Instructions to follow - Copy out each line of the listing below where the string "noteq" appears.

Records supplied -
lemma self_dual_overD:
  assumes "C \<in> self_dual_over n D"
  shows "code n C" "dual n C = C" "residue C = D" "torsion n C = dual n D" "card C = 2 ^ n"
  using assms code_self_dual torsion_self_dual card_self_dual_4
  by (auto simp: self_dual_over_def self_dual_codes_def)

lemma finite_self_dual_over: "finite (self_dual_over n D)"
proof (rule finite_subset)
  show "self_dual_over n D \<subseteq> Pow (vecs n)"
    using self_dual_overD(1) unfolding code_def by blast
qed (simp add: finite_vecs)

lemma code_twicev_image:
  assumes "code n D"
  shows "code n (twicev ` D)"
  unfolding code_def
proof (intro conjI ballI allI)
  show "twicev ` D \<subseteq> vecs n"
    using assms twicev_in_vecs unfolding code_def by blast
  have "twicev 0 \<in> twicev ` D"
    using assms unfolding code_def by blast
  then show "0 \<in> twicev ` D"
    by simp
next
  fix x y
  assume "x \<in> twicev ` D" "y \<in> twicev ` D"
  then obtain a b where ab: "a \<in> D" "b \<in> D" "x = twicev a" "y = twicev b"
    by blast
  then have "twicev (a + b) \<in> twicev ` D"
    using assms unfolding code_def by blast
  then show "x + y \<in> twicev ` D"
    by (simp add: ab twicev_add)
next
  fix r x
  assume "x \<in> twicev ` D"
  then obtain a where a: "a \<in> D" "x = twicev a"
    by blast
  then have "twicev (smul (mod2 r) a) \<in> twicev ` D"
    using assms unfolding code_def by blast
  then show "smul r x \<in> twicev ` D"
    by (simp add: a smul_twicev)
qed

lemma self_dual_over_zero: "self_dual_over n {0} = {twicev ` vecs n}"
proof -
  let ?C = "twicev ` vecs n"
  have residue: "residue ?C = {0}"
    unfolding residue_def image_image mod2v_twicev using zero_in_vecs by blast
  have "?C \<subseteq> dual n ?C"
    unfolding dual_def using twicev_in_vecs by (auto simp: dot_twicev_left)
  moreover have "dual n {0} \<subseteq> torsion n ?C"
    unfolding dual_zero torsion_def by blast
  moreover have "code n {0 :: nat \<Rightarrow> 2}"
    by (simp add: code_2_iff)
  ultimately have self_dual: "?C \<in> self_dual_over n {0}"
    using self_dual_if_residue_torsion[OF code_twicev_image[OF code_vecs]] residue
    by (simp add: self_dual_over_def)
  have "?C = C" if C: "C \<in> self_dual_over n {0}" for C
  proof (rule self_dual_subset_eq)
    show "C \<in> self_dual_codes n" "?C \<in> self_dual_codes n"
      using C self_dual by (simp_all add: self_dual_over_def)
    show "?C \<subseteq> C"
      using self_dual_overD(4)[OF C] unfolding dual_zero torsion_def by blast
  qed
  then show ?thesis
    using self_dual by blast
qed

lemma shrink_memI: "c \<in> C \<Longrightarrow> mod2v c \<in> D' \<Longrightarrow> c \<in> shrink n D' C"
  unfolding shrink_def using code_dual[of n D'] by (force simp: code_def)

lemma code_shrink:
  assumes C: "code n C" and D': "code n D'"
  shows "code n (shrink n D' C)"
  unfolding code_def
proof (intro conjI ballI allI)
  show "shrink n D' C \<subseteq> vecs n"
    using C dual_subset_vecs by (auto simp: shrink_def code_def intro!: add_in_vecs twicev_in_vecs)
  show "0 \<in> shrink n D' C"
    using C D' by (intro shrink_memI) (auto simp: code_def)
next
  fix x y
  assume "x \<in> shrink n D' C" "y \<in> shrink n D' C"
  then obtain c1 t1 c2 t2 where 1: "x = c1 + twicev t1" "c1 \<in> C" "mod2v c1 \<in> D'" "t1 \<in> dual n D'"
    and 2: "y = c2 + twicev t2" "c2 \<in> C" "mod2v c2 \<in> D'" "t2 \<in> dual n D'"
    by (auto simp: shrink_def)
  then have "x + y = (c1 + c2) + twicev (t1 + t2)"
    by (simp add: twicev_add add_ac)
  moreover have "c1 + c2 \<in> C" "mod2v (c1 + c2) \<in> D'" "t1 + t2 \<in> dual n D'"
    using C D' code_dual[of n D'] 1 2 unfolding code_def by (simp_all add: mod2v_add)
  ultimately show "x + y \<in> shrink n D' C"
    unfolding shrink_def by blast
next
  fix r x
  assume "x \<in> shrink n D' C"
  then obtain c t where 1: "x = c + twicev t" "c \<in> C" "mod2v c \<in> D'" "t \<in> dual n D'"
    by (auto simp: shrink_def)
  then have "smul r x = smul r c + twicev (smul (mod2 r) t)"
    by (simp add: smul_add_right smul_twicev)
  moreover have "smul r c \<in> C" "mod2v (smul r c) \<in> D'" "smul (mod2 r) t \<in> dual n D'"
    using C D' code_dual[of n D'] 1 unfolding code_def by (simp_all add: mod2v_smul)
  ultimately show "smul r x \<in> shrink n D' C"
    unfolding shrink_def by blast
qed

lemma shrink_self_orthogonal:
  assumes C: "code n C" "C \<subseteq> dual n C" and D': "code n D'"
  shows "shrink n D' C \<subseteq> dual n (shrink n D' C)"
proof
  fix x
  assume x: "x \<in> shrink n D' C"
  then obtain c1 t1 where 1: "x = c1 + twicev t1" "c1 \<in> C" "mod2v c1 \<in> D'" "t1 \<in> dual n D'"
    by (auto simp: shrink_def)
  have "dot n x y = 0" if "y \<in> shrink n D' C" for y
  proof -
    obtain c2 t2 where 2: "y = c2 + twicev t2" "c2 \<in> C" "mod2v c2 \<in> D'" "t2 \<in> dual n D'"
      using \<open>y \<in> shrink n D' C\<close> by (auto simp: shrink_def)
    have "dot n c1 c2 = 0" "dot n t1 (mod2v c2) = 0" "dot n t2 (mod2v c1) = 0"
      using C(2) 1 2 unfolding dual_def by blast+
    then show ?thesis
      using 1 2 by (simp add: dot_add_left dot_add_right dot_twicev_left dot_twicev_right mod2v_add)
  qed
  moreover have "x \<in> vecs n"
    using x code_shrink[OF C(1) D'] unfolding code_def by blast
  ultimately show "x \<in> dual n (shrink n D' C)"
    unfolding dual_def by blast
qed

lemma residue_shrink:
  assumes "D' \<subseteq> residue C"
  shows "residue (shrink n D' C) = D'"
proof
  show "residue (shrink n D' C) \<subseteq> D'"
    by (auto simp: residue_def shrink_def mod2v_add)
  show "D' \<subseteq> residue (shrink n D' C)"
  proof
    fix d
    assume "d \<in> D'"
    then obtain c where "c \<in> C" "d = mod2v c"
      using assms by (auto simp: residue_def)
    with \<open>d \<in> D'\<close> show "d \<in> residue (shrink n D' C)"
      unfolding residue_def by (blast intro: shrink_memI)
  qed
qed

==

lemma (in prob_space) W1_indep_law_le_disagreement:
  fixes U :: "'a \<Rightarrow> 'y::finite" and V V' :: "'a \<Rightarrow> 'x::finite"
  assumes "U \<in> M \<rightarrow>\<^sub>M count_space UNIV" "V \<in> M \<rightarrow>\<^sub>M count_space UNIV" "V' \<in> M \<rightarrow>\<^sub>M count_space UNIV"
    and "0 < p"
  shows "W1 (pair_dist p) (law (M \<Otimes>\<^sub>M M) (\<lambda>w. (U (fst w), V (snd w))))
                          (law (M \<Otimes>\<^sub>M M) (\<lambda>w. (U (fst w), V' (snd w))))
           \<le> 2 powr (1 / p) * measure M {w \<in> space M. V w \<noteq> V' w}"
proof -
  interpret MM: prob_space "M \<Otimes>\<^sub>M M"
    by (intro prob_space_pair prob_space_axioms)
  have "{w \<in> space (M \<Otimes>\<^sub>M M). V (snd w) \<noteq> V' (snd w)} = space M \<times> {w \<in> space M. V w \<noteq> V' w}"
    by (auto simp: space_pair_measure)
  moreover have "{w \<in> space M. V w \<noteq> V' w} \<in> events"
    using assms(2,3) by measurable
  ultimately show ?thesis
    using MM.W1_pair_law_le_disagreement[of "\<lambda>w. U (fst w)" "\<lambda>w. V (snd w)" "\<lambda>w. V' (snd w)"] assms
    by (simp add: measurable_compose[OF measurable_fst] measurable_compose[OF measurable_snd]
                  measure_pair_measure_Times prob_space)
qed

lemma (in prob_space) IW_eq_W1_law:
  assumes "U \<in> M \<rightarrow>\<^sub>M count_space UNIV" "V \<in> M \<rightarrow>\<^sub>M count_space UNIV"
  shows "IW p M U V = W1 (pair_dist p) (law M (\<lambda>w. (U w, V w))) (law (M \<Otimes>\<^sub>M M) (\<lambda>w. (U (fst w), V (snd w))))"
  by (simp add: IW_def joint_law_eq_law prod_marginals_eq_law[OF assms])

The answer -
           \<le> 2 powr (1 / p) * measure M {w \<in> space M. V w \<noteq> V' w}"
  have "{w \<in> space (M \<Otimes>\<^sub>M M). V (snd w) \<noteq> V' (snd w)} = space M \<times> {w \<in> space M. V w \<noteq> V' w}"
  moreover have "{w \<in> space M. V w \<noteq> V' w} \<in> events"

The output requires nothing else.